This code doesn't compile. But it fails on the last line marked Err, not the line marked Ok. Why can we assign a mutable reference to an immutable reference type but not use it after the assignment?
fn main() {
let mut x = 10;
let mut y = 20;
let mut r = &x;
r = &mut y; //Ok
*r = 30; //Err
}
Why can we ... not use it after the assignment?
The variable r is an immutable reference of type &i32; it does not have mutable access to the referenced value. So it makes sense the compiler would reject your attempt to assign through it.
Why can we assign a mutable reference to an immutable reference type ...?
Why wouldn't you be able to downgrade a mutable reference into an immutable one? The latter is a strict subset of the former. If you were asking about the technicalities instead of the practicalities, its because &mut T to &T is a supported coercion.

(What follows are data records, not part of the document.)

definition clear_branch :: "nat \<Rightarrow> nat \<Rightarrow> tv move list" where
  "clear_branch i j = [Place 1 (Q i), Slide 1 (Q i) (A i j),
     Place 2 (A i j), Slide 2 (A i j) (B i j 0), Remove 2,
     Place 2 (A i j), Slide 2 (A i j) (B i j 1), Remove 2,
     Place 2 (A i j), Slide 2 (A i j) (B i j 2), Remove 2, Remove 1]"

lemma run_clear_branch:
  assumes "i \<in> {1, 2}" "j < 3" "Q i \<in> X" "A i j \<notin> X" "\<forall>k. B i j k \<notin> X"
    and "boundary (T_edges l) X \<subseteq> {Q i}"
  shows "T_run l (searchers None None (Some (Q i)), T_clean l X) (clear_branch i j)
     (searchers None None (Some (Q i)), T_clean l (X \<union> {A i j, B i j 0, B i j 1, B i j 2}))"
  unfolding clear_branch_def
  \<comment> \<open>Execute the moves one by one; the boundary of each enlarged region is bounded through
    the known boundary of X, so only the newly added vertices have to be inspected.\<close>
  apply (intro T_run_rules; (rule boundary_subsetI[OF assms(6)])?)
  using assms by (auto simp: ball_T_edges)

definition clear_subtree :: "nat \<Rightarrow> tv move list" where
  "clear_subtree i = clear_branch i 0 @ clear_branch i 1 @ clear_branch i 2"

lemma run_clear_subtree:
  assumes "i \<in> {1, 2}" "Q i \<in> X" "\<forall>j k. A i j \<notin> X \<and> B i j k \<notin> X"
    and "boundary (T_edges l) X \<subseteq> {Q i}"
  shows "T_run l (searchers None None (Some (Q i)), T_clean l X) (clear_subtree i)
     (searchers None None (Some (Q i)), T_clean l (X \<union> subtree i))"
proof -
  define Y where "Y j = X \<union> {A i j' | j'. j' < j} \<union> {B i j' k | j' k. j' < j \<and> k < 3}" for j
  have branch: "T_run l (searchers None None (Some (Q i)), T_clean l (Y j)) (clear_branch i j)
      (searchers None None (Some (Q i)), T_clean l (Y (j + 1)))" if "j < 3" for j
  proof -
    have "Q i \<in> Y j" "A i j \<notin> Y j" "\<forall>k. B i j k \<notin> Y j"
      using assms(2,3) unfolding Y_def by auto
    moreover have "boundary (T_edges l) (Y j) \<subseteq> {Q i}"
      by (rule boundary_subsetI[OF assms(4)]) (use assms(2,3) that in \<open>auto simp: Y_def ball_T_edges\<close>)
    moreover have "Y j \<union> {A i j, B i j 0, B i j 1, B i j 2} = Y (j + 1)"
      unfolding Y_def by (auto simp: less_3_iff)
    ultimately show ?thesis
      using run_clear_branch[OF assms(1) that, of "Y j"] by simp
  qed
  have "T_run l (searchers None None (Some (Q i)), T_clean l (Y 0)) (clear_subtree i)
      (searchers None None (Some (Q i)), T_clean l (Y 3))"
    unfolding clear_subtree_def
    using branch[of 0] branch[of 1] branch[of 2] by (simp add: guarded_run_append)
  moreover have "Y 0 = X" "Y 3 = X \<union> subtree i"
    using assms(2) unfolding Y_def subtree_def by auto
  ultimately show ?thesis by simp
qed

If we add explicit types to your code as inferred by the compiler:
fn main() {
let mut x: i32 = 10;
let mut y: i32 = 20;
let mut r: &i32 = &x;
r = &mut y; //Ok
*r = 30; //Err
}
We see that r has type &i32 and not &mut i32, so of course we can't use r to modify the referenced value.
Why can we still do r = &mut y? Simply because we can always use a &mut reference anywhere a & reference is expected (because &mut T implements Deref<Target=T>, allowing coercion to happen).